▶ _EXERCISE INPUTS_:
==========
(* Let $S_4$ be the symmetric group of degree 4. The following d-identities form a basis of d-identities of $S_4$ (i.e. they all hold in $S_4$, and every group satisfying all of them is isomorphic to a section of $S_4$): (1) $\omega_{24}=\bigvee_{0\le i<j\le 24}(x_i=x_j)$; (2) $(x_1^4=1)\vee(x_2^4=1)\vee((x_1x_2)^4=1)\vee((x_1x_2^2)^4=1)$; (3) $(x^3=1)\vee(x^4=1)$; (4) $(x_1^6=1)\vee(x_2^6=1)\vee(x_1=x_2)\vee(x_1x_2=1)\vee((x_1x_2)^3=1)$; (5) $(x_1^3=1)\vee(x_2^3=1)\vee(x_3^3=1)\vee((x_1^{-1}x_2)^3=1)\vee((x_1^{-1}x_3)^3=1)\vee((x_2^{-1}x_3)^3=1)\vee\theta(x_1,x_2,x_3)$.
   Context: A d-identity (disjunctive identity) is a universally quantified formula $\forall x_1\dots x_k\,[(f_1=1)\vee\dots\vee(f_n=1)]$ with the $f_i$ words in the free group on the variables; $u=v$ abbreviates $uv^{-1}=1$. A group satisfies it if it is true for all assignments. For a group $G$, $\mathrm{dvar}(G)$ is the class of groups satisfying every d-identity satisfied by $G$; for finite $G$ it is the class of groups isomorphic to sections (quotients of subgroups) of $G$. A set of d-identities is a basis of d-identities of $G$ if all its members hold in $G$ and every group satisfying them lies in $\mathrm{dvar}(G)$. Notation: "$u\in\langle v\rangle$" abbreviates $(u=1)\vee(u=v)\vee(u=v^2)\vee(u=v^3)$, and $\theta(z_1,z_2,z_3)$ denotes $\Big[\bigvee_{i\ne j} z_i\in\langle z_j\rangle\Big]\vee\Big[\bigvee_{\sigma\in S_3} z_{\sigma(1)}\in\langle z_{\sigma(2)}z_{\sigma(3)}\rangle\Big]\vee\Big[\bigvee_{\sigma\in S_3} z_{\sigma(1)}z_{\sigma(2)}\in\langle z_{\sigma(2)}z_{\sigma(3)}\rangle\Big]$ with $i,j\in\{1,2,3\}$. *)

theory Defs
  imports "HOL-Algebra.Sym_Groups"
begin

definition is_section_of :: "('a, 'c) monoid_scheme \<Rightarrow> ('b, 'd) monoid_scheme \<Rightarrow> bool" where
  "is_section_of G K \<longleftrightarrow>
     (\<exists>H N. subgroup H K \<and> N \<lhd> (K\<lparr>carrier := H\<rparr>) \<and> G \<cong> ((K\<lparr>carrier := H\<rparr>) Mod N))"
==========
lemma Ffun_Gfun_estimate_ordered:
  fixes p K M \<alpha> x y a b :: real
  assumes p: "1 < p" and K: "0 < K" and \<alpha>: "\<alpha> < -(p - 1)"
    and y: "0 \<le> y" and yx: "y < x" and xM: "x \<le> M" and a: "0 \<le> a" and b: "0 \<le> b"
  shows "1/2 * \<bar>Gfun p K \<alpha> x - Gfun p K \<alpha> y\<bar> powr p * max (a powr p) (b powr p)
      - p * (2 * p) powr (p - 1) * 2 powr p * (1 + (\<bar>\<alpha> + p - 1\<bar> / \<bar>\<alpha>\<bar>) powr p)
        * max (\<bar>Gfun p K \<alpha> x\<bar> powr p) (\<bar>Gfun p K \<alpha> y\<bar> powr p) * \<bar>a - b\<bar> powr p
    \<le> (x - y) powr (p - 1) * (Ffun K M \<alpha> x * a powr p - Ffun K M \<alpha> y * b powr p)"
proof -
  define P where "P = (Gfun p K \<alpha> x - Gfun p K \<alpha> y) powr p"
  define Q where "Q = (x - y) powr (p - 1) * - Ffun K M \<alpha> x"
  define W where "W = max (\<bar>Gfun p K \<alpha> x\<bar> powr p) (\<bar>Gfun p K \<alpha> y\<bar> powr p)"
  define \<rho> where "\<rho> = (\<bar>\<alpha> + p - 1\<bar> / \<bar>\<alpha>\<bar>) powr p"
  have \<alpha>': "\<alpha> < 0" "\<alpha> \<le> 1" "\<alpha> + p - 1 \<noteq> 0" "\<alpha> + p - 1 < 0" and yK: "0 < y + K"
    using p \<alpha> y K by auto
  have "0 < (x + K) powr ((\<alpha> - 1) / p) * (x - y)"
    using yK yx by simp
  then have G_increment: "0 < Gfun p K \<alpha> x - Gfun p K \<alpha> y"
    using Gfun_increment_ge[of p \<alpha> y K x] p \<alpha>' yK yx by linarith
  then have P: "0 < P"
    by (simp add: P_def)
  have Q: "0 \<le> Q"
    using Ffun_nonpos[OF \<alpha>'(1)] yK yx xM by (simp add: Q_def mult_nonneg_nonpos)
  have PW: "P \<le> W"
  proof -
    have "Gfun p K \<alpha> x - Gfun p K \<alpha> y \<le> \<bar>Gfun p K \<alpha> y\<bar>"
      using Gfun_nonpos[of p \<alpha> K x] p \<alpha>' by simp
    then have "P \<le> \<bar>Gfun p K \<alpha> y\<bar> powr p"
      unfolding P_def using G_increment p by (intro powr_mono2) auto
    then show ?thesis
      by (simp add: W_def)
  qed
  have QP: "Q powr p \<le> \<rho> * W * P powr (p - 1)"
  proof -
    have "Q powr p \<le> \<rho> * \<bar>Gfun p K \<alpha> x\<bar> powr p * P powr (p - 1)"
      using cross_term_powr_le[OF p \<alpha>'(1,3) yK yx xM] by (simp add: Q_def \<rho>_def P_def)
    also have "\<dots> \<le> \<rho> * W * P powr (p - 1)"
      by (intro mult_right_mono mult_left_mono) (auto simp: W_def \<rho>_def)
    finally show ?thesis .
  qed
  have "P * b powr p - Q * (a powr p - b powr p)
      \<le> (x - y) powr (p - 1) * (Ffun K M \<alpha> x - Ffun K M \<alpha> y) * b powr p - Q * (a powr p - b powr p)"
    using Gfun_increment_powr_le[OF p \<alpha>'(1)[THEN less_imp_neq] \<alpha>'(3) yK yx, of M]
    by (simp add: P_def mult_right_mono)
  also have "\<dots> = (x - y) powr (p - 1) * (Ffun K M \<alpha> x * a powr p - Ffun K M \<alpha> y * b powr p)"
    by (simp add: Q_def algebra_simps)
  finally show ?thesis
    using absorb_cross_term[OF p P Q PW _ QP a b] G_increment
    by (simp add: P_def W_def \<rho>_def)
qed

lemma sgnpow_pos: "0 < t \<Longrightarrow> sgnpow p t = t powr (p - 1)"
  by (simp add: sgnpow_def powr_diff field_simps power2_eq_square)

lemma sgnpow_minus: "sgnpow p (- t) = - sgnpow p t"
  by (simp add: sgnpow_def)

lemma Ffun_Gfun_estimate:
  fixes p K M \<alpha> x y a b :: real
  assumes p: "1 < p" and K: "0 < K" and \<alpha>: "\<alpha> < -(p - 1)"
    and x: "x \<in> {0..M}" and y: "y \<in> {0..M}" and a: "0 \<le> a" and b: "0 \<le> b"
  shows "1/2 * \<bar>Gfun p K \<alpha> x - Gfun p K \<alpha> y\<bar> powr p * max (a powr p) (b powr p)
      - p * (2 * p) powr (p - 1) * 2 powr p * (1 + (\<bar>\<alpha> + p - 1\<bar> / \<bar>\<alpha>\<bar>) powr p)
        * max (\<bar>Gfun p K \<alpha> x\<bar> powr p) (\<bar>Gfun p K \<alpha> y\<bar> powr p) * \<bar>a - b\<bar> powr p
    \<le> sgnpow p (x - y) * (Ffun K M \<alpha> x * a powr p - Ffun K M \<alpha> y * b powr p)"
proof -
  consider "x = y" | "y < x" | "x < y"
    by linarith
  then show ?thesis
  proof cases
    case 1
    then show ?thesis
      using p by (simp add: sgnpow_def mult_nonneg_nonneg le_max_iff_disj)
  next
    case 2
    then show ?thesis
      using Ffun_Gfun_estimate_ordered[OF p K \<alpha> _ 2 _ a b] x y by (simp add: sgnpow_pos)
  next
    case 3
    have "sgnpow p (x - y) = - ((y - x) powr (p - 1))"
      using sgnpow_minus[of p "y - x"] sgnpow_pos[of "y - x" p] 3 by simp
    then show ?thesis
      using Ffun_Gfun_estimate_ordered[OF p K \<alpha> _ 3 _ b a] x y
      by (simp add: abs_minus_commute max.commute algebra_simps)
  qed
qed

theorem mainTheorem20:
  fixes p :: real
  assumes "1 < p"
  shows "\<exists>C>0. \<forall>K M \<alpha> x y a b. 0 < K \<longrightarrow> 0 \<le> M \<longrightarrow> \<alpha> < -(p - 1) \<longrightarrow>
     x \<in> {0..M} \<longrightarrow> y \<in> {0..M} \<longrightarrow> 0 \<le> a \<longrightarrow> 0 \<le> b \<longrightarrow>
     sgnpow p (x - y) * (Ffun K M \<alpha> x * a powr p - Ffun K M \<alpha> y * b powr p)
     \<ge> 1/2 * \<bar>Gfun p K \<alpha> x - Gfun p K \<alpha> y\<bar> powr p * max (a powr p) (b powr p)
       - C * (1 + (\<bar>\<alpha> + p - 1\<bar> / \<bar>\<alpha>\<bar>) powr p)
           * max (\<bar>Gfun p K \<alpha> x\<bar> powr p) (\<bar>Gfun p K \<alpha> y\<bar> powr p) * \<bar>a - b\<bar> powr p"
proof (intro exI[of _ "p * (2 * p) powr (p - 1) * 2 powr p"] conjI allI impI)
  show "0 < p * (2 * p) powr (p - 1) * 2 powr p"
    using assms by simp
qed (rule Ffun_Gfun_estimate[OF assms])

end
==========
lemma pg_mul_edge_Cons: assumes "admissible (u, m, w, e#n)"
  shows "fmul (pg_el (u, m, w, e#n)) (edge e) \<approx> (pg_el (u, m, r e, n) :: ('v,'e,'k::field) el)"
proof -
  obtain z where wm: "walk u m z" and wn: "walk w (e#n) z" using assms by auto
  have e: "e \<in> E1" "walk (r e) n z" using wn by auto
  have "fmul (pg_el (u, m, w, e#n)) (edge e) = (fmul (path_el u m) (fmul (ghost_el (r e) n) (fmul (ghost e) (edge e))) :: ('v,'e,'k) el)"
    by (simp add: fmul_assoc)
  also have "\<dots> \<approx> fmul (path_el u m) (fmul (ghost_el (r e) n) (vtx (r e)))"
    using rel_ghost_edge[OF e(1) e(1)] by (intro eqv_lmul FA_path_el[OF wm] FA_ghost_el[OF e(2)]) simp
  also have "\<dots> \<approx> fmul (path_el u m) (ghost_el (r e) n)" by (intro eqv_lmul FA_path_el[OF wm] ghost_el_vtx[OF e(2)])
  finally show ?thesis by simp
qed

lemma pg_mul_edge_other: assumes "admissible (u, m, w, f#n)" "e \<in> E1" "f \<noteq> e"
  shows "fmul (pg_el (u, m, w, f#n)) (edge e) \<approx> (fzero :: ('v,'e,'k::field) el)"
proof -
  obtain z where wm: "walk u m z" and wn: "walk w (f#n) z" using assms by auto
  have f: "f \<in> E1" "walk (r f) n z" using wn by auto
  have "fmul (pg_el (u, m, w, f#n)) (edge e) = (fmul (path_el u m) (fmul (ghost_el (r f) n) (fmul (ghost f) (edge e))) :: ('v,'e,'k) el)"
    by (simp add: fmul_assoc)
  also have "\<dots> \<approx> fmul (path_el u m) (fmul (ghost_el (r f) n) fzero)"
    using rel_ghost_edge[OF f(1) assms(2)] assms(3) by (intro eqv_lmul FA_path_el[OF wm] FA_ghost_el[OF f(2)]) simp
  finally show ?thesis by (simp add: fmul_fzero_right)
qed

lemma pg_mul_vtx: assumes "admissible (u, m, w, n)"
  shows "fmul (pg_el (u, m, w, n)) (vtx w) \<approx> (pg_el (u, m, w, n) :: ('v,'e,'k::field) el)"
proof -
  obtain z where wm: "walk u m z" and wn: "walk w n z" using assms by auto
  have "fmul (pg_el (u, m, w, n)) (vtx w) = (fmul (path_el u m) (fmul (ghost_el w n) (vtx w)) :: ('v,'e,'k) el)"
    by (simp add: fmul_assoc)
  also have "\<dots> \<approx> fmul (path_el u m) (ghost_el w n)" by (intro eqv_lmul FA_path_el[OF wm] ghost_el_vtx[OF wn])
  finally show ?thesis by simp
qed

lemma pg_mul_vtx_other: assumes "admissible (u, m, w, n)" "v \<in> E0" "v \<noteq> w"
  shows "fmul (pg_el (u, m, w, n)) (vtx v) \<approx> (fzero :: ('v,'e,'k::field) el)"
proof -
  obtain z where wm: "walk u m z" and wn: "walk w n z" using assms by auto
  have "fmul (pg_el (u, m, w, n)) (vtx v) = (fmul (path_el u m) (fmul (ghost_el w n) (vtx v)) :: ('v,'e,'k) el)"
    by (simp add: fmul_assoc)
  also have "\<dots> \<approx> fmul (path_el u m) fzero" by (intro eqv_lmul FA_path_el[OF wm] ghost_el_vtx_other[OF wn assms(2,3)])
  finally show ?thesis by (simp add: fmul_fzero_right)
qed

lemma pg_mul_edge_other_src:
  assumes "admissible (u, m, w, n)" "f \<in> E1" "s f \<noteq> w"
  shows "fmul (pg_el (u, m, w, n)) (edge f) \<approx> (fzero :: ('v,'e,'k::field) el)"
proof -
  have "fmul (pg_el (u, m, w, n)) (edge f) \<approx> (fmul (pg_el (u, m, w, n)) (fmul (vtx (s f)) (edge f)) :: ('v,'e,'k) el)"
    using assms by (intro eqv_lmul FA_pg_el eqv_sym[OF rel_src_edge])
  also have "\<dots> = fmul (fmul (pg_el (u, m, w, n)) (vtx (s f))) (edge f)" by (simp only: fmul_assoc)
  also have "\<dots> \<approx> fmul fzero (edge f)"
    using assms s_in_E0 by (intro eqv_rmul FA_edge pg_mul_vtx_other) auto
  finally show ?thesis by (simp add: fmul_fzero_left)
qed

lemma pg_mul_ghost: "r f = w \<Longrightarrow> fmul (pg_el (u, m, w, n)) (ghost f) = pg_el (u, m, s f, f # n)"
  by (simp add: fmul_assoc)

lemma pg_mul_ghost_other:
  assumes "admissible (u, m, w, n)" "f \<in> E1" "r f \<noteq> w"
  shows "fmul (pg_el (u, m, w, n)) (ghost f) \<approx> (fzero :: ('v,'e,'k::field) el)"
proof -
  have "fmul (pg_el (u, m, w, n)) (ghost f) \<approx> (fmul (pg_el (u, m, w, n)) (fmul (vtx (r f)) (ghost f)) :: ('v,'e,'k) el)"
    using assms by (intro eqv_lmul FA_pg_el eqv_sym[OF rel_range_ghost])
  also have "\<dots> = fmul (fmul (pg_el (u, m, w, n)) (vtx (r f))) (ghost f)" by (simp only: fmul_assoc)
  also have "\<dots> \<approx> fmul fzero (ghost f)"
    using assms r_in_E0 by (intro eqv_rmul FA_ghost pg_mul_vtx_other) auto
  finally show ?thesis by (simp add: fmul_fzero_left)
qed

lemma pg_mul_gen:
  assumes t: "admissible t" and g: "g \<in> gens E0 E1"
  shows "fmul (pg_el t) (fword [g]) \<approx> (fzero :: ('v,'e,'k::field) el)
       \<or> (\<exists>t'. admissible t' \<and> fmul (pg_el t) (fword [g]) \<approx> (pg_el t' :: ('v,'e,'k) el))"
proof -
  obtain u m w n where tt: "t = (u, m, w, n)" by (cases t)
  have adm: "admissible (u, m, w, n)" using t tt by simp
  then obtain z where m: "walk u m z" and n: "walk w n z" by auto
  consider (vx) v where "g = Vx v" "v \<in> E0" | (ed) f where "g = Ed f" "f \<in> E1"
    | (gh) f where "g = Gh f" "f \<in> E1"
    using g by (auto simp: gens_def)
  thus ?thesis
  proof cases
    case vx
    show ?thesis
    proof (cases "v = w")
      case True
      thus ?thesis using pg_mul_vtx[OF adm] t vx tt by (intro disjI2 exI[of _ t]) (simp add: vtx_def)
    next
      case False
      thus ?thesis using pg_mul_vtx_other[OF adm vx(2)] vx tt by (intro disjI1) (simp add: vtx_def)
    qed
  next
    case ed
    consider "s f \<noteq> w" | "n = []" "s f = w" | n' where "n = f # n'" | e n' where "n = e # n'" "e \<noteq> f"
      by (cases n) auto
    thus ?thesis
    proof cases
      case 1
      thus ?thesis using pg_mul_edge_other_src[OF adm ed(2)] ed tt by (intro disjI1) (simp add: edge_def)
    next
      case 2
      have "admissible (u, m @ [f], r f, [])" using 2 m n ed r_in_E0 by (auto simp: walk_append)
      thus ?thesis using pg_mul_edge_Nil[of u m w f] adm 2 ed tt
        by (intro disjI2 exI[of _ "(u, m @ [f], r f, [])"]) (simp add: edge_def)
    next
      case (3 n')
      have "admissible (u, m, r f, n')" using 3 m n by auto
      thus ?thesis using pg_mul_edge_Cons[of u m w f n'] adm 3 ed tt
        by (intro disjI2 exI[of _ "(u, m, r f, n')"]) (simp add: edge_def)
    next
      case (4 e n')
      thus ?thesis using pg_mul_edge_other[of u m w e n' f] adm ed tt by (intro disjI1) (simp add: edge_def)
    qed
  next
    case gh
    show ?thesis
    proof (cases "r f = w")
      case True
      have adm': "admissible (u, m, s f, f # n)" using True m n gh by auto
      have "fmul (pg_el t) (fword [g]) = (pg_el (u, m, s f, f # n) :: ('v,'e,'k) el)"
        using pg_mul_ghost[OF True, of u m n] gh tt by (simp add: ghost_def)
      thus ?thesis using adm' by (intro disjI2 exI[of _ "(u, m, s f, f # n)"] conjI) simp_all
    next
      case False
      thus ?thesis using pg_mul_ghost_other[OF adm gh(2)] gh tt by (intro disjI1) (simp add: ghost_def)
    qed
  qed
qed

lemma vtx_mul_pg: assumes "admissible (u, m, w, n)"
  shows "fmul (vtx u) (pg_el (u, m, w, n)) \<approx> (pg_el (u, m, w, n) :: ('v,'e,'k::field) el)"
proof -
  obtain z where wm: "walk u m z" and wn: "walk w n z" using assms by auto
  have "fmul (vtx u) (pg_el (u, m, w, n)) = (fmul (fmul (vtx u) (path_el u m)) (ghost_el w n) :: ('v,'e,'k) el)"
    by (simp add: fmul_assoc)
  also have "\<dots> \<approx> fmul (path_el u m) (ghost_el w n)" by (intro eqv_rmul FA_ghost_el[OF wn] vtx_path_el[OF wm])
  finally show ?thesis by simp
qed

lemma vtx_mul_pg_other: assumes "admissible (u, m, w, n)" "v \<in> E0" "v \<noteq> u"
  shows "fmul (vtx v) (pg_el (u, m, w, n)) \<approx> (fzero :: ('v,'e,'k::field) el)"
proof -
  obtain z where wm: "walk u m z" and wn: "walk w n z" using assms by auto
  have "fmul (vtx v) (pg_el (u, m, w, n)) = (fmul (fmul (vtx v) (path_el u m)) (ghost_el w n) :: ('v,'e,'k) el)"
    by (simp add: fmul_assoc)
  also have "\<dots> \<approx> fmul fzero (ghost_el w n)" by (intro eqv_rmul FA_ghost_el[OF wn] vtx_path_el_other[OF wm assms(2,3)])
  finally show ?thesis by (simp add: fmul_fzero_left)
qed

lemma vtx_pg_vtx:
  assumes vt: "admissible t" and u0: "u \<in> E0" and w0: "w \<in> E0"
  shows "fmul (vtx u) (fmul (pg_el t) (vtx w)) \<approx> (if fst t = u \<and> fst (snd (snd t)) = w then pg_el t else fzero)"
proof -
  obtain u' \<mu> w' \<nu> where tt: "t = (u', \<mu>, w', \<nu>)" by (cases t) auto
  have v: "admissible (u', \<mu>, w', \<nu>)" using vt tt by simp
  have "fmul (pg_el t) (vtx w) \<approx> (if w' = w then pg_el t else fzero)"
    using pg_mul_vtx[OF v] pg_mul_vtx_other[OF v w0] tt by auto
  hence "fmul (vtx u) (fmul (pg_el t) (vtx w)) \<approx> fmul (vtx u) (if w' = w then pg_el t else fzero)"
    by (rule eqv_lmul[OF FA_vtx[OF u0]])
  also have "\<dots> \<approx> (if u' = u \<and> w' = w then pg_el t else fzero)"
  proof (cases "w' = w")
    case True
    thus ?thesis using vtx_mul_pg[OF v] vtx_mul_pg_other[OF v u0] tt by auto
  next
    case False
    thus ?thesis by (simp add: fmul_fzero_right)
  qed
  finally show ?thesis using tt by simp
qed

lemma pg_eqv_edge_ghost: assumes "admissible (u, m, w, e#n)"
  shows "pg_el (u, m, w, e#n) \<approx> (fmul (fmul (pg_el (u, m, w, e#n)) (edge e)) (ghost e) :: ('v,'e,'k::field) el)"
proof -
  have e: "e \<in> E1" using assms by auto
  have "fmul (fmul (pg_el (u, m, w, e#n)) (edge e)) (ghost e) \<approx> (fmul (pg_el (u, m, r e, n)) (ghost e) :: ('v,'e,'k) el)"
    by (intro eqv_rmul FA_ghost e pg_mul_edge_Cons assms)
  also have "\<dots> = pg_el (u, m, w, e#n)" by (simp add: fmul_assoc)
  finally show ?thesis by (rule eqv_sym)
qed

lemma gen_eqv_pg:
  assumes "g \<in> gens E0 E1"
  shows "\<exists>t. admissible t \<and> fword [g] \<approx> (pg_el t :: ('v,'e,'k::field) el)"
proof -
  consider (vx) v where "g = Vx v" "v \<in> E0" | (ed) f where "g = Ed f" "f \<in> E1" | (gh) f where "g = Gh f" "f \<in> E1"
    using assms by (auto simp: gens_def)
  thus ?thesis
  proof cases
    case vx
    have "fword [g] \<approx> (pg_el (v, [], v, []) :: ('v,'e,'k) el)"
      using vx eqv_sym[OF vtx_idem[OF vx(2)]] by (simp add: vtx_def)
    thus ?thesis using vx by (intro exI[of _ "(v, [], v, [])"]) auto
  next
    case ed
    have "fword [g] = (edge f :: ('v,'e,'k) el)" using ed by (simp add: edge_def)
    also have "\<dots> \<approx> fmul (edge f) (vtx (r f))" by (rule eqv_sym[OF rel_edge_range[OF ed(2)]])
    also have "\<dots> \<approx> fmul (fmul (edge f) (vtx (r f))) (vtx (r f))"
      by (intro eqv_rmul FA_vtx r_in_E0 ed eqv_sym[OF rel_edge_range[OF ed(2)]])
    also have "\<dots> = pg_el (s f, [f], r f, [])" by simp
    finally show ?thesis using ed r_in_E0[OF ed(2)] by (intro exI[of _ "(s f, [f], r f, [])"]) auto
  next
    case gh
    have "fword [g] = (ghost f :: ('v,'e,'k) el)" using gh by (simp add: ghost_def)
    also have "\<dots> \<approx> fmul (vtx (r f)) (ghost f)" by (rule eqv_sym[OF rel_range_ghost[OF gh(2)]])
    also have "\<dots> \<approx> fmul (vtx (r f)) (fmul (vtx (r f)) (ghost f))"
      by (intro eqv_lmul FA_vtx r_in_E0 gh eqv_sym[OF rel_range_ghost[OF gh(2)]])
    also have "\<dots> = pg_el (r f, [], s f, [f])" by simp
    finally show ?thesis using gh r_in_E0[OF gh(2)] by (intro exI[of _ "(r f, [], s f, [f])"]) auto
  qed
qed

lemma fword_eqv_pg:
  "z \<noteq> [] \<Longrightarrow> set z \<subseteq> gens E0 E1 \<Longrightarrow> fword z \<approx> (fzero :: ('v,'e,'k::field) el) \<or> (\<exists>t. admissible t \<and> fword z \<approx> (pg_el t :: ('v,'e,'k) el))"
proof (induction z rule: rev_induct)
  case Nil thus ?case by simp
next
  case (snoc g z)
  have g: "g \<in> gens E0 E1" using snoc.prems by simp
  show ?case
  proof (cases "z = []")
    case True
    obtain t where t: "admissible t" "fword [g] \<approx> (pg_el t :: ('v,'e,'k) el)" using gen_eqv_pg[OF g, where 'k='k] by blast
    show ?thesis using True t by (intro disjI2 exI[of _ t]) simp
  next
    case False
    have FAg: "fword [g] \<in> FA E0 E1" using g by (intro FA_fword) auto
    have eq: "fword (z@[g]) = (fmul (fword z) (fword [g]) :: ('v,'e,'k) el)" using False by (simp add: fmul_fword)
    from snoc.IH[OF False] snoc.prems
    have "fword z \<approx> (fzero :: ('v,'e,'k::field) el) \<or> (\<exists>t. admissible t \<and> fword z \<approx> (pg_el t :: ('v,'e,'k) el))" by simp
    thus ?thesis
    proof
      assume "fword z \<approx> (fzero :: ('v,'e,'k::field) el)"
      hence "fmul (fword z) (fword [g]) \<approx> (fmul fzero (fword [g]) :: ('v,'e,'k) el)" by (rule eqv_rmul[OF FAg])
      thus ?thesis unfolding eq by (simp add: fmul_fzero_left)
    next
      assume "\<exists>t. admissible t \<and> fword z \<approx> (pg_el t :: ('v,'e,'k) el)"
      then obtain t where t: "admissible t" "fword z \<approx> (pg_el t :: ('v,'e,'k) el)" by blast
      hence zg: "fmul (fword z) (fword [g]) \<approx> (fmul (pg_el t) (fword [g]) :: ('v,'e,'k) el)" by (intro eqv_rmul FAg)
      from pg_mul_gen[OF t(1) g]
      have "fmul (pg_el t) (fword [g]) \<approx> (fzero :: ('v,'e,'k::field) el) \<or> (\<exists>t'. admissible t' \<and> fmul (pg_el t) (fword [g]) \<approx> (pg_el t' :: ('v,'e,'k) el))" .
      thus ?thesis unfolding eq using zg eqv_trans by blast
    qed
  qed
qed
==========
▶ _WHAT THE TASK REQUIRES_:
Say how many lines in the records contain the word "unfolding". Nothing but the number is required.

▶ _OUTPUT OF THE TASK_:
3